Assunção was scheduled to face Cody Garbrandt as the co-main event on 28 March 2020 at UFC on ESPN 8. However, Garbrandt pulled out on 12 March due to kidney issues. As of now, Assunção is expected to remain on the card against an unknown opponent. Due to the COVID-19 pandemic, the event was eventually postponed. Instead the fight was rescheduled and took place on 6 June 2020 at UFC 250. Assunção lost the bout via second-round knockout.

Assunção was scheduled to face Raoni Barcelos on 27 February 2021 at UFC Fight Night 186. However, Assunção pulled out of the fight in early February after testing positive for COVID-19.

Assunção was scheduled to face Kyler Phillips on 24 July 2021 at UFC on ESPN: Sandhagen vs. Dillashaw. However, Assunção suffered a biceps injury in late June and was replaced by Raulian Paiva.

Assunção faced Ricky Simón on 18 December 2021 at UFC Fight Night: Lewis vs. Daukaus.

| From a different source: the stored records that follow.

lemma Holder_inequality_integral_le:
  fixes g h :: "real \<Rightarrow> real" and S :: "real set"
  assumes pq: "1 < p" "1 < q" "1 / p + 1 / q = 1"
    and nonneg: "\<And>x. x \<in> S \<Longrightarrow> 0 \<le> g x" "\<And>x. x \<in> S \<Longrightarrow> 0 \<le> h x"
    and gi: "(\<lambda>x. g x powr p) integrable_on S" and hi: "(\<lambda>x. h x powr q) integrable_on S"
    and ghi: "(\<lambda>x. g x * h x) integrable_on S"
    and X: "0 < X" "integral S (\<lambda>x. g x powr p) \<le> X"
    and Y: "0 < Y" "integral S (\<lambda>x. h x powr q) \<le> Y"
  shows "integral S (\<lambda>x. g x * h x) \<le> X powr (1 / p) * Y powr (1 / q)"
proof -
  define K where "K = X powr (1 / p) * Y powr (1 / q)"
  have "((\<lambda>x. (g x powr p / (p * X) + h x powr q / (q * Y)) * K) has_integral
      (integral S (\<lambda>x. g x powr p) / (p * X) + integral S (\<lambda>x. h x powr q) / (q * Y)) * K) S"
    by (intro has_integral_mult_left has_integral_add has_integral_divide integrable_integral gi hi)
  then have "integral S (\<lambda>x. g x * h x)
      \<le> (integral S (\<lambda>x. g x powr p) / (p * X) + integral S (\<lambda>x. h x powr q) / (q * Y)) * K"
    by (rule has_integral_le[OF integrable_integral[OF ghi]])
       (use X Y in \<open>auto simp: K_def Youngs_inequality_scaled pq nonneg\<close>)
  also have "\<dots> \<le> (X / (p * X) + Y / (q * Y)) * K"
    using X Y pq by (intro mult_right_mono add_mono divide_right_mono) (auto simp: K_def)
  also have "\<dots> = K" using X Y pq by simp
  finally show ?thesis by (simp add: K_def)
qed

lemma Holder_inequality_integral:
  fixes g h :: "real \<Rightarrow> real" and S :: "real set"
  assumes pq: "1 < p" "1 < q" "1 / p + 1 / q = 1"
    and nonneg: "\<And>x. x \<in> S \<Longrightarrow> 0 \<le> g x" "\<And>x. x \<in> S \<Longrightarrow> 0 \<le> h x"
    and gi: "(\<lambda>x. g x powr p) integrable_on S" and hi: "(\<lambda>x. h x powr q) integrable_on S"
    and ghi: "(\<lambda>x. g x * h x) integrable_on S"
  shows "integral S (\<lambda>x. g x * h x) \<le>
    integral S (\<lambda>x. g x powr p) powr (1 / p) * integral S (\<lambda>x. h x powr q) powr (1 / q)"
proof -
  define A B where "A = integral S (\<lambda>x. g x powr p)" and "B = integral S (\<lambda>x. h x powr q)"
  have "0 \<le> A" unfolding A_def by (rule integral_nonneg[OF gi]) auto
  have "0 \<le> B" unfolding B_def by (rule integral_nonneg[OF hi]) auto
  have "((\<lambda>e. (A + e) powr (1 / p) * (B + e) powr (1 / q)) \<longlongrightarrow> (A + 0) powr (1 / p) * (B + 0) powr (1 / q))
      (at_right 0)"
    using pq \<open>0 \<le> A\<close> \<open>0 \<le> B\<close>
    by (intro tendsto_mult tendsto_powr' tendsto_intros)
       (auto intro: eventually_at_rightI[of 0 1])
  moreover have "\<forall>\<^sub>F e in at_right 0. integral S (\<lambda>x. g x * h x) \<le> (A + e) powr (1 / p) * (B + e) powr (1 / q)"
    using \<open>0 \<le> A\<close> \<open>0 \<le> B\<close>
    by (intro eventually_at_rightI[of 0 1] Holder_inequality_integral_le[OF pq nonneg gi hi ghi])
       (auto simp: A_def B_def)
  ultimately show ?thesis
    by (intro tendsto_lowerbound[of _ _ "at_right 0"]) (auto simp: A_def B_def)
qed
(* Let $C=\{C_n\}_{n\in\mathbb N}$, $C_n\subseteq \Sigma_n^n$, be the code family fixed in the context (we suppress the index $n$). For any unbounded-time (quantum) algorithm $\mathcal{B}$ that makes polynomially many classical queries to $H$ and any polynomial $s$, there is a negligible function $\mu$ such that for every family $\{z_H\}_{H}$ of $s(n)$-bit classical advice strings (indexed by functions $H$), $$\Pr_{H,r}\big[f_C^H(\mathcal{B}^H(z_H,r))=r\big]\le \mu(n),$$ where $H\leftarrow \mathsf{Func}([n]\times\Sigma,\{0,1\})$ and $r\leftarrow\{0,1\}^n$ are uniform.
   Context: For sets $X,Y$, $\mathsf{Func}(X,Y)$ is the set of all functions $X\to Y$; $[n]=\{1,\dots,n\}$. For a code $C\subseteq\Sigma^n$ and $H:[n]\times\Sigma\to\{0,1\}$, the YZ function is $f_C^H:C\to\{0,1\}^n$, $f_C^H(v_1,\dots,v_n)=H(1,v_1)\|H(2,v_2)\|\cdots\|H(n,v_n)$; the event $f_C^H(\mathbf v)=r$ includes the requirement $\mathbf v\in C$. A code $C\subseteq\Sigma^n$ is $(\zeta,\ell,L)$-list-recoverable if for all subsets $T_1,\dots,T_n\subseteq\Sigma$ with $|T_i|\le\ell$, the number of codewords $(v_1,\dots,v_n)\in C$ with $|\{i: v_i\in T_i\}|\ge(1-\zeta)n$ is at most $L$. Fixed code family (from Yamakawa–Zhandry and Liu): $C=\{C_n\}$, $C_n\subseteq\Sigma_n^n$, which is $(\zeta,\ell,L)$-list-recoverable with $\zeta=\Omega(1)$, $\ell=2^{n^c}$, $L=2^{\tilde O(n^{c'})}$ for some constants $0<c<c'<1$, and which moreover has the property that there is a QPT algorithm $\mathcal A$ and a family of $\mathrm{poly}(n)$-qubit quantum advice states $\{|z_H\rangle\}_H$ such that for every $r\in\{0,1\}^n$, $\Pr_H[f_C^H(\mathcal A(|z_H\rangle,r))=r]\ge1-\mathrm{negl}(n)$ for uniform $H\leftarrow\mathsf{Func}([n]\times\Sigma,\{0,1\})$. "Classical queries" means the algorithm submits a classical input $x$ and receives $H(x)$. The advice $z_H$ may be an arbitrary function of $H$. *)

theory Defs
  imports "HOL-Probability.Probability"
begin

text \<open>Functions H : [n] x Sigma -> {0,1}; represented as total functions that are
  False outside the domain [n] x Sigma (so uniform sampling is over Func([n] x Sigma, {0,1})).\<close>
type_synonym 'a hfun = "nat \<times> 'a \<Rightarrow> bool"
lemma prefix_of_basis_change_eq_if_extendable:
  assumes Vb: "Vb \<in> carrier_mat m n" and Wb: "Wb \<in> carrier_mat n m" and P: "P \<in> carrier_mat m s"
    and P_coords: "Vb * (Wb * P) = P"
    and "s \<le> n" and E': "E' \<in> carrier_mat n (n - s)"
    and unimod: "unimodular (append_cols (Wb * P) E')"
  shows "\<exists>C. C \<in> carrier_mat n n \<and> unimodular C \<and> col_block (Vb * C) 0 s = P"
proof -
  let ?C = "append_cols (Wb * P) E'"
  have WbP: "Wb * P \<in> carrier_mat n s"
    using Wb P by simp
  have C: "?C \<in> carrier_mat n n"
    using append_cols_carrier[OF WbP E'] \<open>s \<le> n\<close> by (metis le_add_diff_inverse)
  have "col_block (Vb * ?C) 0 s = P"
    using col_block_mult[OF Vb C, of 0 s] col_block_append_cols[OF WbP] \<open>s \<le> n\<close> P_coords by simp
  with C unimod show ?thesis
    by blast
qed

theorem mainTheorem4:
  fixes A V W P :: "int mat" and r m s :: nat
  assumes A_dim: "A \<in> carrier_mat r m"
    and rank_A: "int_rank A = r"
    and r_lt_m: "r < m"
    and V_dim: "V \<in> carrier_mat m m"
    and V_unimod: "unimodular V"
    and AV_hnf: "col_hnf (A * V)"
    and W_dim: "W \<in> carrier_mat m m"
    and W_inv: "V * W = 1\<^sub>m m"
    and P_dim: "P \<in> carrier_mat m s"
  shows "(\<exists>C. C \<in> carrier_mat (m - r) (m - r) \<and> unimodular C \<and> s \<le> m - r \<and>
            col_block (col_block V r (m - r) * C) 0 s = P)
     \<longleftrightarrow> (A * P = 0\<^sub>m r s \<and>
          (\<exists>E'. s \<le> m - r \<and> E' \<in> carrier_mat (m - r) (m - r - s) \<and>
             unimodular (append_cols (row_block W r (m - r) * P) E')))"
proof -
  let ?n = "m - r"
  let ?Vb = "col_block V r ?n" and ?Wb = "row_block W r ?n"
  have "r \<le> m"
    using r_lt_m by simp
  note Vb = col_block_carrier[OF V_dim, of r ?n] and Wb = row_block_carrier[OF W_dim, of r ?n]
  have AVb: "A * ?Vb = 0\<^sub>m r ?n"
    by (rule col_hnf_transform_last_cols_in_kernel[OF A_dim V_dim AV_hnf \<open>r \<le> m\<close>])
  have WbVb: "?Wb * ?Vb = 1\<^sub>m ?n"
    using row_block_mult_col_block_inverse[OF W_dim V_dim _, of r ?n]
      mat_mult_left_right_inverse_comm_ring[OF V_dim W_dim W_inv] \<open>r \<le> m\<close>
    by simp
  show ?thesis
  proof
    assume "\<exists>C. C \<in> carrier_mat ?n ?n \<and> unimodular C \<and> s \<le> ?n \<and> col_block (?Vb * C) 0 s = P"
    then show "A * P = 0\<^sub>m r s \<and> (\<exists>E'. s \<le> ?n \<and> E' \<in> carrier_mat ?n (?n - s) \<and>
        unimodular (append_cols (?Wb * P) E'))"
      using prefix_of_basis_change_in_kernel_extendable[OF Vb Wb A_dim AVb WbVb] by blast
  next
    assume "A * P = 0\<^sub>m r s \<and> (\<exists>E'. s \<le> ?n \<and> E' \<in> carrier_mat ?n (?n - s) \<and>
        unimodular (append_cols (?Wb * P) E'))"
    moreover have "A * P = 0\<^sub>m r s \<Longrightarrow> ?Vb * (?Wb * P) = P"
      by (rule col_hnf_transform_kernel[OF A_dim rank_A \<open>r \<le> m\<close> V_dim W_dim W_inv AV_hnf P_dim])
    ultimately show "\<exists>C. C \<in> carrier_mat ?n ?n \<and> unimodular C \<and> s \<le> ?n \<and> col_block (?Vb * C) 0 s = P"
      using prefix_of_basis_change_eq_if_extendable[OF Vb Wb P_dim] by blast
  qed
qed

end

He lost the bout via knockout in the second round.

Assunção faced Victor Henry on 15 October 2022, at UFC Fight Night 212. He won the fight via unanimous decision.

Assunção was scheduled to face Kyler Phillips on 11 March 2023, at UFC Fight Night 221. However, Phillips withdrew from the event for undisclosed reasons, and he was replaced by Davey Grant. He lost the fight via an inverted triangle choke technical submission in the third round, and announced his retirement during the post-fight interview.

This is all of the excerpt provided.